%%

lemma weight_eq_left_weight_quotient:
  assumes lq: "lqca k q N \<delta>" and r: "length N = Suc r"
    and unit: "\<forall>w\<in>words k (length N). column_weight k q (length N) \<delta> (word_config q w) = 1"
    and w: "w \<in> words k (length N)"
  shows "weight k \<delta> w
       = left_weight k q (length N) \<delta> (tl w) / left_weight k q (length N) \<delta> (butlast w)"
proof -
  let ?L = "left_weight k q (length N) \<delta>" and ?R = "right_weight k q (length N) \<delta>"
  have qk: "q < k" using lq unfolding lqca_def by auto
  have rep: "weight k \<delta> (replicate (length N) q) = 1" by (rule weight_replicate_quiescent[OF lq])
  have w': "set (tl w) \<subseteq> {..<k}" "set (butlast w) \<subseteq> {..<k}" "length (tl w) = r"
    using w r unfolding words_def by (auto dest: in_set_butlastD list.set_sel(2)[rotated])
  have "?L (tl w) * ?R (tl w) = column_weight k q (length N) \<delta> (word_config q (tl w))"
    using column_weight_word_config_short[OF rep] w' r by simp
  also have "\<dots> = column_weight k q (length N) \<delta> (word_config q (q # tl w))"
    using column_weight_shift[of k q "length N" \<delta> "word_config q (tl w)" "-1"]
    by (simp add: word_config_Cons_quiescent)
  also have "\<dots> = 1" using unit qk w' r unfolding words_def by auto
  finally have "?R (tl w) = 1 / ?L (tl w)"
    using left_weight_pos[OF lq w'(1)] by (simp add: eq_divide_eq mult.commute)
  moreover have "?L (butlast w) * weight k \<delta> w * ?R (tl w) = 1"
    using column_weight_word_config[OF rep] unit w r unfolding words_def by auto
  ultimately have "?L (butlast w) * weight k \<delta> w * (1 / ?L (tl w)) = 1" by (simp only:)
  then show ?thesis
    using left_weight_pos[OF lq w'(1)] left_weight_pos[OF lq w'(2)] by (simp add: field_simps)
qed

lemma column_weight_telescope:
  assumes rep: "weight k \<delta> (replicate (Suc r) q) = 1"
    and quotient: "\<And>w. w \<in> words k (Suc r) \<Longrightarrow> weight k \<delta> w = g (tl w) / g (butlast w)"
    and nonzero: "\<And>u. u \<in> words k r \<Longrightarrow> g u \<noteq> 0"
    and c: "c \<in> configs k q"
  shows "column_weight k q (Suc r) \<delta> c = 1"
proof -
  have ck: "\<And>i. c i < k" using c by (auto simp: configs_def)
  obtain M where M: "abs ` {i. c i \<noteq> q} \<subseteq> {..<M}" "0 \<le> M"
  proof -
    obtain M0 where "abs ` {i. c i \<noteq> q} \<subseteq> {..<M0}"
      using c unfolding configs_def finite_int_iff_bounded by auto
    then show ?thesis by (intro that[of "max M0 0"]) auto
  qed
  have outside: "c i = q" if "i < - M \<or> M \<le> i" for i using M that by force
  let ?g = "\<lambda>i. g (window r c i)"
  have g_nonzero: "?g i \<noteq> 0" for i using nonzero window_in_words ck by blast
  have "{i. window (Suc r) c i \<noteq> replicate (Suc r) q} \<subseteq> {- M - int r..<M}"
    using window_support_subset[of "-M" M c q "Suc r"] outside by auto
  then have "column_weight k q (Suc r) \<delta> c = (\<Prod>i\<in>{- M - int r..<M}. weight k \<delta> (window (Suc r) c i))"
    by (intro column_weight_eq_prod[OF _ _ rep]) auto
  also have "\<dots> = (\<Prod>i\<in>{- M - int r..<M}. ?g (i + 1) / ?g i)"
    using quotient[OF window_in_words[OF ck]] by (simp add: window_tl window_butlast)
  also have "\<dots> = ?g M / ?g (- M - int r)"
    using M(2) g_nonzero by (intro prod_int_telescope) auto
  also have "\<dots> = 1"
  proof -
    have "window r c M = replicate r q" "window r c (- M - int r) = replicate r q"
      unfolding window_def using outside by (auto intro: nth_equalityI)
    then show ?thesis using g_nonzero[of M] by simp
  qed
  finally show ?thesis .
qed

lemma column_weight_one_iff_word_configs:
  assumes lq: "lqca k q N \<delta>"
  shows "(\<forall>c\<in>configs k q. column_weight k q (length N) \<delta> c = 1)
     \<longleftrightarrow> (\<forall>w\<in>words k (length N). column_weight k q (length N) \<delta> (word_config q w) = 1)"
proof
  have "q < k" using lq unfolding lqca_def by auto
  then show "\<forall>c\<in>configs k q. column_weight k q (length N) \<delta> c = 1 \<Longrightarrow>
      \<forall>w\<in>words k (length N). column_weight k q (length N) \<delta> (word_config q w) = 1"
    using word_config_in_configs by blast
next
  assume unit: "\<forall>w\<in>words k (length N). column_weight k q (length N) \<delta> (word_config q w) = 1"
  obtain r where r: "length N = Suc r" using lq unfolding lqca_def by (cases N) auto
  have "weight k \<delta> (replicate (Suc r) q) = 1"
    using weight_replicate_quiescent[OF lq] r by simp
  moreover have "weight k \<delta> w
      = left_weight k q (Suc r) \<delta> (tl w) / left_weight k q (Suc r) \<delta> (butlast w)"
    if "w \<in> words k (Suc r)" for w
    using weight_eq_left_weight_quotient[OF lq r unit] that r by simp
  moreover have "left_weight k q (Suc r) \<delta> u \<noteq> 0" if "u \<in> words k r" for u
    using left_weight_pos[OF lq, of u] that r unfolding words_def by simp
  ultimately have "column_weight k q (Suc r) \<delta> c = 1" if "c \<in> configs k q" for c
    using that by (rule column_weight_telescope)
  then show "\<forall>c\<in>configs k q. column_weight k q (length N) \<delta> c = 1"
    unfolding r by blast
qed

definition padded :: "nat \<Rightarrow> nat \<Rightarrow> nat list \<Rightarrow> nat list" where
  "padded q r w = replicate (r - 1) q @ w @ replicate (r - 1) q"

definition word_weight :: "nat \<Rightarrow> nat \<Rightarrow> nat \<Rightarrow> (nat list \<Rightarrow> nat \<Rightarrow> complex) \<Rightarrow> nat list \<Rightarrow> real" where
  "word_weight k q r \<delta> w = (\<Prod>j<2 * r - 1. weight k \<delta> (take r (drop j (padded q r w))))"

lemma length_padded: "length w = r \<Longrightarrow> 1 \<le> r \<Longrightarrow> length (padded q r w) = 3 * r - 2"
  unfolding padded_def by simp

lemma padded_in_words: "u \<in> words k r \<Longrightarrow> q < k \<Longrightarrow> set (padded q r u) \<subseteq> {..<k}"
  unfolding padded_def words_def by auto

lemma padded_list_update:
  assumes "length u = r" "i < r"
  shows "padded q r (u[i := d]) = (padded q r u)[r - 1 + i := d]"
proof -
  have "\<not> r - 1 + i < r - 1" by simp
  then show ?thesis using assms unfolding padded_def by (simp add: list_update_append)
qed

%%

* _PROBLEM TO WORK ON_: Every line above with the string "that" in it needs to be copied.

* _WRITTEN REPLY_:
    then show ?thesis by (intro that[of "max M0 0"]) auto
  have outside: "c i = q" if "i < - M \<or> M \<le> i" for i using M that by force
    using weight_eq_left_weight_quotient[OF lq r unit] that r by simp
    using left_weight_pos[OF lq, of u] that r unfolding words_def by simp
    using that by (rule column_weight_telescope)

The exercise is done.